I would like to think that my 10 year old is a pretty responsible child. Not only is she the sweetest child in the world, she does her homework, receives excellent grades, plays the guitar and saves her money in a piggy bank. So far, I think that Chase has made a great decision to invest in her future by taking a risk on the money it will provide to her business.
Let’s talk about Chase’s risk. I’m assuming that Chase’s decision to open a credit line for her was done with the intention of them making a few dollars for the risk associated with the transaction. there is no annual fee for the first year. Ok, but the $95.00 thereafter is a pretty steep investment for a business person who hasn’t opened shop yet.
The default interest rate is only 29.99%. Hmmm. I wonder why Chase thinks that when a business runs into trouble with cash-flow, the best decision is to raise the interest rate to 29.99%. I didn’t see this little tid bit of information in the pricing and terms buried on the website. I’m guessing that this interest rate will go back down as soon as the person brings the account current. That is only fair, right? I couldn’t find this on the website either. I guess we will just have to trust them.
Also, why do they call it a business card if the person signing it has to be personally responsible for the card if the business can’t pay for it. Can a 10 year old sign a personal guarantee? Not in Florida. But, I’m sure Chase has thought of this as well.
So, I did a little more digging because I remember reading something about the Credit Card Accountability Responsibility and Disclosure Act of 2009. This is the law where Congress decided that individual consumers needed protection and financial disclosure from the credit card companies who seek to prey on them.
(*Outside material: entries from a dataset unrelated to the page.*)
lemma gmult_gadd_right: "gmult r (gadd s t) = gadd (gmult r s) (gmult r t)"
  unfolding gmult_def gadd_def by (intro ext) (simp add: distrib_left sum.distrib)

lemma gmult_gsmul_left: "gmult (gsmul c r) s = gsmul c (gmult r s)"
  unfolding gmult_def gsmul_def by (intro ext) (simp add: sum_distrib_left mult.assoc)

lemma gmult_eta_left:
  "gmult (eta mu a b) x = (\<lambda>lam i j. if lam = mu \<and> i = a \<and> 1 \<le> b \<and> b \<le> nlam mu then x mu b j else 0)"
proof (intro ext)
  fix lam i j
  have "gmult (eta mu a b) x lam i j =
        (\<Sum>k = 1..nlam lam. if lam = mu \<and> i = a then (if k = b then x lam k j else 0) else 0)"
    unfolding gmult_def eta_def by (intro sum.cong) auto
  thus "gmult (eta mu a b) x lam i j = (if lam = mu \<and> i = a \<and> 1 \<le> b \<and> b \<le> nlam mu then x mu b j else 0)"
    by (cases "lam = mu \<and> i = a") (auto simp: sum.delta')
qed

lemma gmult_gone_right:
  assumes "\<And>lam i j. x lam i j \<noteq> 0 \<Longrightarrow> lam \<in> partitions p \<and> 1 \<le> j \<and> j \<le> nlam lam"
  shows "gmult x (gone p) = x"
proof (intro ext)
  fix lam i j
  have "gmult x (gone p) lam i j =
        (\<Sum>k = 1..nlam lam. if k = j then (if lam \<in> partitions p then x lam i k else 0) else 0)"
    unfolding gmult_def gone_def by (intro sum.cong) auto
  thus "gmult x (gone p) lam i j = x lam i j"
    using assms[of lam i j] by (auto simp: sum.delta')
qed

lemma hook_dims:
  assumes "1 \<le> c" "c < p"
  shows "nlam (hook p c) = nc p c + nb p c" "nlam (hook p (c + 1)) = nb p c + nb p (c + 1)"
    "nc p (c + 1) = nb p c" "1 \<le> nb p c"
  using assms nlam_hook_eq[of c p] nlam_hook_eq[of "c + 1" p] nc_Suc[of c p] nb_pos[of c p] by simp_all

text \<open>\<open>Ptilde p c = etilde p c \<cdot> Lam p\<close> consists of the elements of \<open>Lam p\<close> vanishing outside
  row \<open>nc p c + 1\<close> of the \<open>hook p c\<close> component and row \<open>1\<close> of the \<open>hook p (c + 1)\<close> component;
  on these two rows \<open>A\<close> and \<open>B\<close> the congruences defining \<open>Lam p\<close> become \<open>admissible_rows\<close>.\<close>

definition row_pair :: "nat \<Rightarrow> nat \<Rightarrow> (nat \<Rightarrow> rat) \<Rightarrow> (nat \<Rightarrow> rat) \<Rightarrow> gam" where
  "row_pair p c A B = (\<lambda>lam i j.
     if lam = hook p c \<and> i = nc p c + 1 \<and> 1 \<le> j \<and> j \<le> nlam (hook p c) then A j
     else if lam = hook p (c + 1) \<and> i = 1 \<and> 1 \<le> j \<and> j \<le> nlam (hook p (c + 1)) then B j
     else 0)"

definition admissible_rows :: "nat \<Rightarrow> nat \<Rightarrow> (nat \<Rightarrow> rat) \<Rightarrow> (nat \<Rightarrow> rat) \<Rightarrow> bool" where
  "admissible_rows p c A B \<longleftrightarrow>
     (\<forall>j \<in> {1..nlam (hook p c)}. zp p (A j)) \<and> (\<forall>j \<in> {1..nlam (hook p (c + 1))}. zp p (B j)) \<and>
     (\<forall>j \<in> {1..nb p c}. congp p (A (nc p c + j)) (B j)) \<and>
     (\<forall>j \<in> {1..nb p (c + 1)}. congp p (B (nc p (c + 1) + j)) 0)"
theorem lemma3p5:
  fixes V :: "'a set" and E :: "'a \<Rightarrow> 'a \<Rightarrow> bool" and I W :: "'a set"
  assumes "simple_graph V E"
    and "graph_connected V E"
    and "maximal_vertex_critical 3 V E"
    and "max_independent_set V E I"
    and "max_clique V E W"
    and "\<forall>W'. max_clique V E W' \<longrightarrow> card (I \<inter> W) \<le> card (I \<inter> W')"
    and "card I + card W = card V - 1"
  shows "card (W \<inter> I) = 0"
proof (rule ccontr)
  assume "card (W \<inter> I) \<noteq> 0"
  then obtain x where "x \<in> I \<inter> W" by (metis card.empty disjoint_iff Int_iff)
  have I: "independent_set V E I" and W: "clique V E W"
    using assms(4,5) unfolding max_independent_set_def max_clique_def by blast+
  then have sub: "I \<subseteq> V" "W \<subseteq> V" unfolding independent_set_def clique_def by blast+
  have meet: "I \<inter> W = {x}" using independent_clique_meet[OF I W \<open>x \<in> I \<inter> W\<close>] .
  have "card (V - (I \<union> W)) = 2"
    using card_outside_eq_2[OF simple_graph_finite[OF assms(1)] sub meet assms(7)] .
  then obtain a b where ab: "V - (I \<union> W) = {a, b}" "a \<noteq> b" by (auto simp: card_2_iff)
  have "almost_split V E I W x a b"
    unfolding almost_split_def using assms(1,3,5,6) I meet ab sub by blast
  with almost_split_impossible show False by metis
qed

end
As I recall, credit card companies can escape this law by disguising its cards as small business credit cards. Oh, so this may be a reason that Chase is looking to help out so many individuals with business credit cards, even 10 year olds. No, Chase is really looking out for her best interests. Remember, they said that they were inspired by her.
While I agree with Chase’s decision to support the youth of this Country. My 10 year old daughter and I are not willing to assume the risk that her business will be able to survive the rigorous demands of her credit card company. At this point in time, we are going to have to pass on Chase’s very generous offer. I think I will have my daughter write a letter to Mr. Dimon to Thank him for his attention to detail and his willingness to help out the future business owners of this country.